Contudo, o ser imutável de Parmênides, Platão extrai outras conseqüências: se há algo realmente imutável, é somente este que pode ser conhecido. Diante do quadro problemático que Platão se viu a resolver, ele elabora sua tese as Formas ou Ideias. Platão chega a conclusão de que se algo é belo, é porque participa de algo Belo em si. Há algo Belo em si, uma Forma ou uma Entidade que não é visível pelos sentidos, mas que se faz presente em cada das coisas belas. Estes seres em si, as Formas ou as Ideias, são a causa da existência das coisas visíveis.
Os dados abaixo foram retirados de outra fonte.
lemma boundary_value_eq_continuous_extension:
  assumes "\<And>z. norm z < 1 \<Longrightarrow> F z = G z" and "continuous_on (cball 0 1) G"
  shows "boundary_value F t = G (cis t)"
proof -
  have "continuous_on {0..1} (\<lambda>r::real. G (of_real r * cis t))"
    by (rule continuous_on_compose2[OF assms(2)]) (auto intro!: continuous_intros simp: norm_mult)
  then have "((\<lambda>r::real. G (of_real r * cis t)) \<longlongrightarrow> G (of_real 1 * cis t)) (at 1 within {0..1})"
    unfolding continuous_on_def by (meson atLeastAtMost_iff order_refl zero_le_one)
  then have "((\<lambda>r::real. G (of_real r * cis t)) \<longlongrightarrow> G (cis t)) (at_left 1)"
    by (simp add: at_within_Icc_at_left)
  moreover have "eventually (\<lambda>r. F (of_real r * cis t) = G (of_real r * cis t)) (at_left (1::real))"
  proof -
    have "eventually (\<lambda>r. r \<in> {0<..<(1::real)}) (at_left 1)"
      by (rule eventually_at_left_real) simp
    then show ?thesis
      by eventually_elim (simp add: assms(1) norm_mult)
  qed
  ultimately have "((\<lambda>r::real. F (of_real r * cis t)) \<longlongrightarrow> G (cis t)) (at_left 1)"
    using tendsto_cong by fastforce
  then show ?thesis
    unfolding boundary_value_def by (rule tendsto_Lim[OF trivial_limit_at_left_real])
qed

lemma continuous_on_compose_cis:
  assumes "continuous_on (cball 0 1) h"
  shows "continuous_on S (\<lambda>t. h (cis t))"
  by (rule continuous_on_compose2[OF assms]) (auto intro!: continuous_intros)

lemma L1_norm_eq_integral:
  assumes "continuous_on {-pi..pi} (\<lambda>t. h (cis t))"
  shows "L1_norm h = integral {-pi..pi} (\<lambda>t. \<bar>h (cis t)\<bar>)"
  unfolding L1_norm_def using assms by (intro set_integral_continuous_Icc continuous_intros)

lemma admissibleI_continuous:
  assumes "\<And>t. 0 < h (cis t)" and "continuous_on {-pi..pi} (\<lambda>t. h (cis t))"
  shows "admissible h"
proof -
  have "continuous_on {-pi..pi} (\<lambda>t. ln (h (cis t)))"
    using assms by (intro continuous_intros) (auto simp: less_imp_neq[symmetric])
  then show ?thesis
    unfolding admissible_def L1_T_def
    using assms by (auto intro!: set_integrable_continuous_Icc less_imp_le)
qed

lemma ln_norm_exp_square: "ln ((cmod (exp w))\<^sup>2) = 2 * Re w"
  by (simp add: ln_realpow)

lemma norm_exp_minus_1_le:
  fixes z :: "'a::{banach,real_normed_field}"
  shows "norm (exp z - 1) \<le> norm z * exp (norm z)"
  using Taylor_exp_field[of z 0] by (simp add: mult.commute)

lemma two_mult_le_add_square_div:
  fixes d k :: real
  assumes "0 < d"
  shows "2 * k \<le> d + k\<^sup>2 / d"
proof -
  have "d + k\<^sup>2 / d - 2 * k = (k - d)\<^sup>2 / d"
    using assms by (simp add: field_simps power2_eq_square)
  moreover have "(k - d)\<^sup>2 / d \<ge> 0"
    using assms by simp
  ultimately show ?thesis by linarith
qed
lemma card_split_off_point:
  assumes "finite X" "B \<subseteq> insert n X" "n \<notin> X"
  shows "card B = card (B \<inter> X) + of_bool (n \<in> B)"
proof -
  have "finite B" using assms(1,2) finite_subset by blast
  moreover have "B \<inter> X = B - {n}" using assms(2,3) by blast
  ultimately show ?thesis using card.remove[of B n] by (cases "n \<in> B") simp_all
qed

lemma LI_up_in_fspan_lower_levels_mod_p:
  fixes A :: "nat \<Rightarrow> nat set"
  assumes "CHAR('a::field) = p" "prime p" "2 * card K < p" "finite K" "finite X"
    and I: "I \<in> Pj i X"
    and card_mod: "\<And>k. k < m \<Longrightarrow> card (A k) mod p \<in> K"
    and "n \<notin> X" and A_sub: "\<And>k. k < m \<Longrightarrow> A k \<subseteq> insert n X"
  shows "(LI_up A m X (i + 2 * card K) I :: nat \<Rightarrow> 'a)
    \<in> fspan (LI A m ` (\<Union>j\<in>{i..<i + 2 * card K}. Pj j X))"
proof -
  define xs where "xs = sorted_list_of_set K"
  define ws :: "'a list" where
    "ws = map (\<lambda>\<kappa>. of_nat \<kappa> - of_nat i) xs @ map (\<lambda>\<kappa>. of_nat \<kappa> - 1 - of_nat i) xs"
  have "of_nat (card (A k \<inter> X) - i) \<in> set ws" if "k < m" "I \<subseteq> A k" for k
  proof -
    have "card I \<le> card (A k \<inter> X)"
      using I that(2) \<open>finite X\<close> by (intro card_mono) (auto simp: Pj_def)
    then have t: "(of_nat (card (A k \<inter> X) - i) :: 'a) = of_nat (card (A k \<inter> X)) - of_nat i"
      using I by (simp add: Pj_def of_nat_diff)
    define \<kappa> where "\<kappa> = card (A k) mod p"
    have \<kappa>_in: "\<kappa> \<in> set xs" using card_mod[OF that(1)] \<open>finite K\<close> by (simp add: xs_def \<kappa>_def)
    have \<kappa>_eq: "(of_nat \<kappa> :: 'a) = of_nat (card (A k))"
      using of_nat_mod_CHAR[where 'a='a] assms(1) by (simp add: \<kappa>_def)
    show ?thesis
      using card_split_off_point[OF \<open>finite X\<close> A_sub[OF that(1)] \<open>n \<notin> X\<close>] \<kappa>_eq
      unfolding ws_def t by (cases "n \<in> A k") (auto intro!: rev_image_eqI[OF \<kappa>_in])
  qed
  moreover have "(of_nat (fact (2 * card K)) :: 'a) \<noteq> 0"
    using assms(1-3) by (simp add: of_nat_eq_0_iff_char_dvd prime_dvd_fact_iff)
  moreover have "length ws = 2 * card K" by (simp add: ws_def xs_def)
  ultimately show ?thesis
    using LI_up_in_fspan_lower_levels[OF \<open>finite X\<close> I, of m A ws] by simp
qed

subsection \<open>The case of characteristic two\<close>

lemma sum_LI_singletons_apply:
  assumes "finite B" "k < m"
  shows "(\<Sum>j\<in>B. LI A m {j}) k = (of_nat (card (B \<inter> A k)) :: 'a::field)"
  using assms by (simp add: sum_fun_apply LI_def flip: of_bool_def)

lemma in_fspan_of_unit_forms:
  fixes g :: "nat \<Rightarrow> 'a::field"
  assumes "\<And>l. l < m \<Longrightarrow> (\<lambda>k. of_bool (k = l)) \<in> fspan S"
    and "\<And>k. m \<le> k \<Longrightarrow> g k = 0"
  shows "g \<in> fspan S"
proof -
  have "g = (\<Sum>l<m. fscale (g l) (\<lambda>k. of_bool (k = l)))"
  proof
    fix k
    show "g k = (\<Sum>l<m. fscale (g l) (\<lambda>k. of_bool (k = l))) k"
      using assms(2)[of k] by (cases "k < m") (simp_all add: sum_fun_apply fscale_def)
  qed
  also have "\<dots> \<in> fspan S"
    using assms(1) by (intro fscale.span_sum fscale.span_scale) auto
  finally show ?thesis .
qed

lemma CHAR_2_add_self: "CHAR('a::ring_1) = 2 \<Longrightarrow> (x :: 'a) + x = 0"
  using of_nat_CHAR[where 'a='a] by (metis mult_2 mult_zero_left of_nat_numeral)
A Forma em si é eterna, não está sujeita ao perpétuo fluxo das coisas visíveis. Platão parece resolver a questão de Heráclito: as coisas belas podem deixar de ser belas; há até mesmo uma relatividade entre os conceitos de belo, já que algo pode ser belo para mim, e não para uma outra pessoa. Mas o Belo em si é eterno e imutável.

Porém, como conhecer as Formas? Somente através do pensamento, já que os órgãos de nossos sentidos são falíveis, e por tanto, fontes de erros. Platão afirma que devemos nos afastar do corpo, para que possamos contemplar a imutabilidade das Formas. Essa dualidade que Platão construiu entre “a alma e o corpo” marcará profundamente o pensamento ocidental, e influenciará várias religiões, principalmente o cristianismo. O corpo segundo Platão é inferior a alma, e é pela alma que se ascende às realidades superiores: “Nesta vida, o que faz com que cada um de nós seja o que é, nada mais é do que a alma, enquanto o corpo é para nós a imagem concomitante. Está certo quem diz que o corpo sem vida não é se não a imagem do morto, e que o eu real de cada um de nós, o qual chamamos de alma imortal, parte para prestar contas perante outros deuses, uma perspectiva a ser encarada com coragem pelos bons, mas com supremo terror pelos maus.”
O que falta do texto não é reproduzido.